What is Jesus NOT saying?  Does he tell Martha to skip all the food prep?  No!  Hospitality is a good thing.  But ultimately it doesn’t rank # 1.  We CAN live without food.

But we can’t live without Jesus.

So what did I see afresh in Luke’s account of a very familiar vignette?

It was how I evaluate a ‘good day’.  In past years, I’ve called it a ‘good day’ if I taught well. If I had a fruitful-for-the-kingdom conversation with someone.  If I completed my work.

But I can’t control any of those outcomes, hence my anxiety and uncertainty day to day.

So what IS necessary?  What is ‘the one thing’?

I can see more clearly how God has been moving me over the past 5 or 6 years to rely on Him throughout the day.  To look to and depend on His divine, supernatural Spirit for EVERY thought, word, action, and decision about the future.

Jesus and Paul challenged followers of Christ to stay ‘grafted in the Vine’, to ‘remain in union with Him’.  We actually are not meant to do anything apart from Jesus.  He even tells us we can’t.

  • John 15:5 I am the vine; you are the branches.
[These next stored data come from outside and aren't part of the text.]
(* Under the standing assumptions (with $K\neq0$) and $\lambda_{\max}(M(0))<1$, let $r^*\in(0,r_A)$ be the unique profit rate with $\lambda_{\max}(M(r^* ))=1$. Then: (i) for all $0\le r_1<r_2\le r^*$, $\Theta^{price}(r_2)\subsetneq\Theta^{price}(r_1)\subseteq\Theta^{val}$; (ii) $\Theta^{price}(r^* )=\{\mathbf w^*\}$, where $\mathbf w^*$ is the left Perron eigenvector of $M(r^* )$ (all components positive) normalized by $w^*_1=1$; in particular no $\mathbf w\in\Theta^{price}(r^* )$ satisfies $\mathbf w^T(I-M(r^* ))>\mathbf 0^T$ strictly.
   Context: Fix $n\ge 2$. $A$ and $K$ are $n\times n$ entrywise nonnegative real matrices, with $K$ not the zero matrix; $\delta_1,\dots,\delta_n\in(0,1]$, $D=K\,\mathrm{diag}(\delta_1,\dots,\delta_n)$, and $\tilde A=A+D$. $L=\mathrm{diag}(l_1,\dots,l_n)$ with all $l_j>0$. $B$ is an $n\times n$ entrywise nonnegative matrix with no zero column. Standing assumption: $\tilde A$ is irreducible and $\lambda_{\max}(\tilde A)<1$, where $\lambda_{\max}(X)$ denotes the spectral radius of a square matrix $X$. $r_A>0$ is defined by $\lambda_{\max}(\tilde A+r_AK)=1$. For $r\in[0,r_A)$, $M(r):=L[I-\tilde A-rK]^{-1}B$, and $M_0:=M(0)=L(I-\tilde A)^{-1}B$. Vector inequalities are componentwise. The value-feasible domain is $\Theta^{val}:=\{\mathbf c\in\mathbb R^n:\ c_j>0\ \forall j,\ c_1=1,\ \mathbf c^T(I-M_0)\ge \mathbf 0^T\}$, and the price–wage feasible domain is $\Theta^{price}(r):=\{\mathbf w\in\mathbb R^n:\ w_j>0\ \forall j,\ w_1=1,\ \mathbf w^T(I-M(r))\ge\mathbf 0^T\}$. *)

theory Defs
  imports "HOL-Analysis.Analysis"
begin

definition spec_rad :: "real^'n^'n \<Rightarrow> real" where
  "spec_rad X = Max {cmod z | z. det ((mat z :: complex^'n^'n)
                         - (\<chi> i j. complex_of_real (X $ i $ j))) = 0}"

definition nonneg_mat :: "real^'n^'m \<Rightarrow> bool" where
  "nonneg_mat X \<longleftrightarrow> (\<forall>i j. X $ i $ j \<ge> 0)"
If you remain in me and I in you, you will bear much fruit; apart from me, you can do nothing.

So I have redefined what Maria calls a ‘good day’.  The one responsibility I have as Jesus’ lamb is to do all in His strength, aware of my position IN the Vine.

Teaching a ‘good’ lesson, completing my list, engaging in a fruitful conversation with a colleague – yes, these are important.  But I can’t control the outcomes.  Hence – perpetual anxiety.

But I CAN control my thoughts.  That ability is given to every Christian in whom lives God’s Spirit.

My goal and focus this school year is to rely on Jesus and seek to please Him that way. And when I forget my source for everything and start angsting about X, Y and Z, I can still please Jesus by repenting of sinful AND needless worry.  And call it a GOOD day!